我正在尝试抓取除另一个我知道名称的单元格之外的单元格的内容，例如“Staatsform”、“Amtssprache”、“Postleitzahl”等。在图片中，所需的内容总是在正确的单元格中。

基本代码如下，但我坚持下去：

source_code = requests.get('https://de.wikipedia.org/wiki/Hamburg')
plain_text = source_code.text                       
soup = BeautifulSoup(plain_text, "html.parser")     
stastaform = soup.find(text="Staatsform:")...???

提前非常感谢！

【问题讨论】：

请包含描述两个感兴趣单元格的 HTML 片段。
您只需要单元格中的文本，还是其他内容？

标签： python web-scraping beautifulsoup wikipedia

【解决方案1】：

我想谨慎地将搜索限制在英语维基百科中所谓的“信息框”中。因此，我首先搜索了标题“Basisdaten”，要求它是一个th 元素。也许不完全确定，但更有可能是。发现我在“Basisdaten”下寻找tr 元素，直到找到另一个tr 包括（假定不同的）标题。在这种情况下，我搜索“Postleitzahlen:”，但这种方法可以找到“Basisdaten”和下一个标题之间的任何/所有项目。

PS：我还应该提到if not current.name的原因。我注意到一些只包含新行的行，BeautifulSoup 将其视为字符串。它们没有名称，因此需要在代码中对其进行特殊处理。

import requests
import bs4
page = requests.get('https://de.wikipedia.org/wiki/Hamburg').text
soup = bs4.BeautifulSoup(page, 'lxml')
def getInfoBoxBasisDaten(s):
    return str(s) == 'Basisdaten' and s.parent.name == 'th'

basisdaten = soup.find_all(string=getInfoBoxBasisDaten)[0]

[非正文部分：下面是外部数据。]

(* Let $n\geq 2$ be an integer, let $c,\varepsilon\in[0,1]$, and let $G$ be a connected graph on $n$ vertices. Assume that $G$ contains no empty bipartite graph with sides of size at least $c\cdot n$, i.e. there are no two disjoint vertex sets $X,Y\subseteq V(G)$ with $|X|,|Y|\geq c\cdot n$ such that no edge of $G$ joins a vertex of $X$ to a vertex of $Y$. Assume moreover that every vertex $x$ of $G$ has closed degree $\overline{d(x)}\leq \varepsilon\cdot n$. Then for every vertex $x$ of $G$ there is an induced path on $k$ vertices in $G$ having $x$ as an endpoint, with $k\geq \frac{1}{2(\varepsilon+c)}$.
   Context: All graphs are finite and simple. The closed degree of a vertex $x$ is $\overline{d(x)}=d(x)+1=|N[x]|$, where $N[x]=\{x\}\cup\{y: xy\in E(G)\}$ is the closed neighborhood. An induced path on $k$ vertices ($P_k$) is a set of $k$ vertices $v_1,\dots,v_k$ such that $v_iv_j$ is an edge if and only if $|i-j|=1$; "starting in $x$" means $v_1=x$. *)

theory Defs
  imports Complex_Main
begin

definition simple_graph :: "'a set \<Rightarrow> ('a \<Rightarrow> 'a \<Rightarrow> bool) \<Rightarrow> bool" where
  "simple_graph V E \<longleftrightarrow> finite V \<and> (\<forall>u v. E u v \<longrightarrow> u \<in> V \<and> v \<in> V)
     \<and> (\<forall>u v. E u v \<longrightarrow> E v u) \<and> (\<forall>u. \<not> E u u)"

definition connected_graph :: "'a set \<Rightarrow> ('a \<Rightarrow> 'a \<Rightarrow> bool) \<Rightarrow> bool" where
  "connected_graph V E \<longleftrightarrow> (\<forall>u\<in>V. \<forall>v\<in>V. (u, v) \<in> {(a, b). E a b}\<^sup>*)"

definition closed_nbhd :: "'a set \<Rightarrow> ('a \<Rightarrow> 'a \<Rightarrow> bool) \<Rightarrow> 'a \<Rightarrow> 'a set" where
  "closed_nbhd V E x = insert x {y \<in> V. E x y}"

definition closed_degree :: "'a set \<Rightarrow> ('a \<Rightarrow> 'a \<Rightarrow> bool) \<Rightarrow> 'a \<Rightarrow> nat" where
  "closed_degree V E x = card (closed_nbhd V E x)"

definition induced_path_from :: "'a set \<Rightarrow> ('a \<Rightarrow> 'a \<Rightarrow> bool) \<Rightarrow> 'a \<Rightarrow> 'a list \<Rightarrow> bool" where
  "induced_path_from V E x vs \<longleftrightarrow> vs \<noteq> [] \<and> hd vs = x \<and> distinct vs \<and> set vs \<subseteq> V
     \<and> (\<forall>i<length vs. \<forall>j<length vs. E (vs ! i) (vs ! j) \<longleftrightarrow> (i = j + 1 \<or> j = i + 1))"

definition has_empty_bipartite :: "'a set \<Rightarrow> ('a \<Rightarrow> 'a \<Rightarrow> bool) \<Rightarrow> real \<Rightarrow> bool" where
  "has_empty_bipartite V E s \<longleftrightarrow> (\<exists>X Y. X \<subseteq> V \<and> Y \<subseteq> V \<and> X \<inter> Y = {}
     \<and> real (card X) \<ge> s \<and> real (card Y) \<ge> s \<and> (\<forall>x\<in>X. \<forall>y\<in>Y. \<not> E x y))"

end

theory Submission imports Defs begin

text \<open>Grow the path greedily from x while keeping a reservoir C: a set of vertices,
  connected together with the current endpoint v, none of which is on or adjacent to the
  path except possibly to v. To extend, delete from C the (fewer than \<epsilon>n) neighbours of v;
  since G has no empty bipartite graph with sides cn, what remains, R, has a connected
  component K with |K| \<ge> |R| - 2cn. Connectedness yields a neighbour u of v adjacent to K; append u and take K as the new
  reservoir. Each step costs at most (\<epsilon> + 2c)n reservoir vertices, so starting from
  C = V - {x} the path reaches 1 + (n - 1)/((\<epsilon> + 2c)n) \<ge> 1/(2(\<epsilon> + c)) vertices.\<close>

definition closed_under_adj :: "('a \<Rightarrow> 'a \<Rightarrow> bool) \<Rightarrow> 'a set \<Rightarrow> 'a set \<Rightarrow> bool" where
  "closed_under_adj E R T \<longleftrightarrow> T \<subseteq> R \<and> (\<forall>a\<in>T. \<forall>b\<in>R - T. \<not> E a b)"

definition connected_set :: "('a \<Rightarrow> 'a \<Rightarrow> bool) \<Rightarrow> 'a set \<Rightarrow> bool" where
  "connected_set E S \<longleftrightarrow> (\<forall>T. T \<subseteq> S \<longrightarrow> T \<noteq> {} \<longrightarrow> T \<noteq> S \<longrightarrow> (\<exists>a\<in>T. \<exists>b\<in>S - T. E a b))"

definition path_reservoir :: "'a set \<Rightarrow> ('a \<Rightarrow> 'a \<Rightarrow> bool) \<Rightarrow> 'a list \<Rightarrow> 'a set \<Rightarrow> bool" where
  "path_reservoir V E vs C \<longleftrightarrow> C \<subseteq> V \<and> last vs \<notin> C
     \<and> (\<forall>y\<in>C. \<forall>w\<in>set (butlast vs). \<not> E w y \<and> y \<noteq> w)
     \<and> connected_set E (insert (last vs) C)"

lemma no_empty_bipartite_imp_pos:
  assumes "\<not> has_empty_bipartite V E s"
  shows "s > 0"
proof (rule ccontr)
  assume "\<not> s > 0"
  then have "has_empty_bipartite V E s"
    unfolding has_empty_bipartite_def by (intro exI[of _ "{}"]) auto
  with assms show False by simp
qed

lemma connected_set_singleton: "connected_set E {u}"
  unfolding connected_set_def by auto

lemma connected_set_insert:
  assumes sym: "\<And>a b. E a b \<Longrightarrow> E b a" and K: "connected_set E K"
    and "a \<in> K" "E a u"
  shows "connected_set E (insert u K)"
  unfolding connected_set_def
proof (intro allI impI)
  fix T assume T: "T \<subseteq> insert u K" "T \<noteq> {}" "T \<noteq> insert u K"
  consider "T \<inter> K = {}" | "T \<inter> K = K" | "T \<inter> K \<noteq> {}" "T \<inter> K \<noteq> K" by blast
  then show "\<exists>a\<in>T. \<exists>b\<in>insert u K - T. E a b"
  proof cases
    case 1
    then have "T = {u}" "a \<notin> T" using T \<open>a \<in> K\<close> by auto
    then show ?thesis using \<open>a \<in> K\<close> \<open>E a u\<close> sym by auto
  next
    case 2
    then have "u \<notin> T" "a \<in> T" using T \<open>a \<in> K\<close> by auto
    then show ?thesis using \<open>E a u\<close> by auto
  next
    case 3
    then obtain a' b' where "a' \<in> T \<inter> K" "b' \<in> K - T \<inter> K" "E a' b'"
      using K unfolding connected_set_def by (metis inf_le2)
    then show ?thesis by auto
  qed
qed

wanted = 'Postleitzahlen:'
current = basisdaten.parent.parent.nextSibling
while True:
    if not current.name: 
        current = current.nextSibling
        continue
    if wanted in current.text:
        items = current.findAll('td')
        print (items[0])
        print (items[1])
    if '<th ' in str(current): break
    current = current.nextSibling

结果如下：两个独立的td 元素，根据要求。

<td><a href="/wiki/Postleitzahl_(Deutschland)" title="Postleitzahl (Deutschland)">Postleitzahlen</a>:</td>
<td>20095–21149,<br/>
22041–22769,<br/>
<a href="/wiki/Neuwerk_(Insel)" title="Neuwerk (Insel)">27499</a></td>

【讨论】：

如果我使用 BeautifulSoup.get_text() 删除 html 脚本等，这似乎对我有用。但不幸的是，我在此站点上收到错误：https://de.wikipedia.org/wiki/Bremen。你知道它是什么吗？
我刚刚查看了两个页面的 wiki 代码（在 Bearbeiten 视图中）。它们采用完全不同的方法来格式化页面，因此 HTML 是不同的。除了高中，我没有德语。我现在看到不来梅页面中有一个“信息框”，但汉堡没有。这与英语维基百科中的情况相同。如果你想抓取它，那么你需要能够识别你正在处理的格式类型并进行相应的处理。

【解决方案2】：

这在大多数情况下都有效：

def get_content_from_right_column_for_left_column_containing(text):
    """return the text contents of the cell adjoining a cell that contains `text`"""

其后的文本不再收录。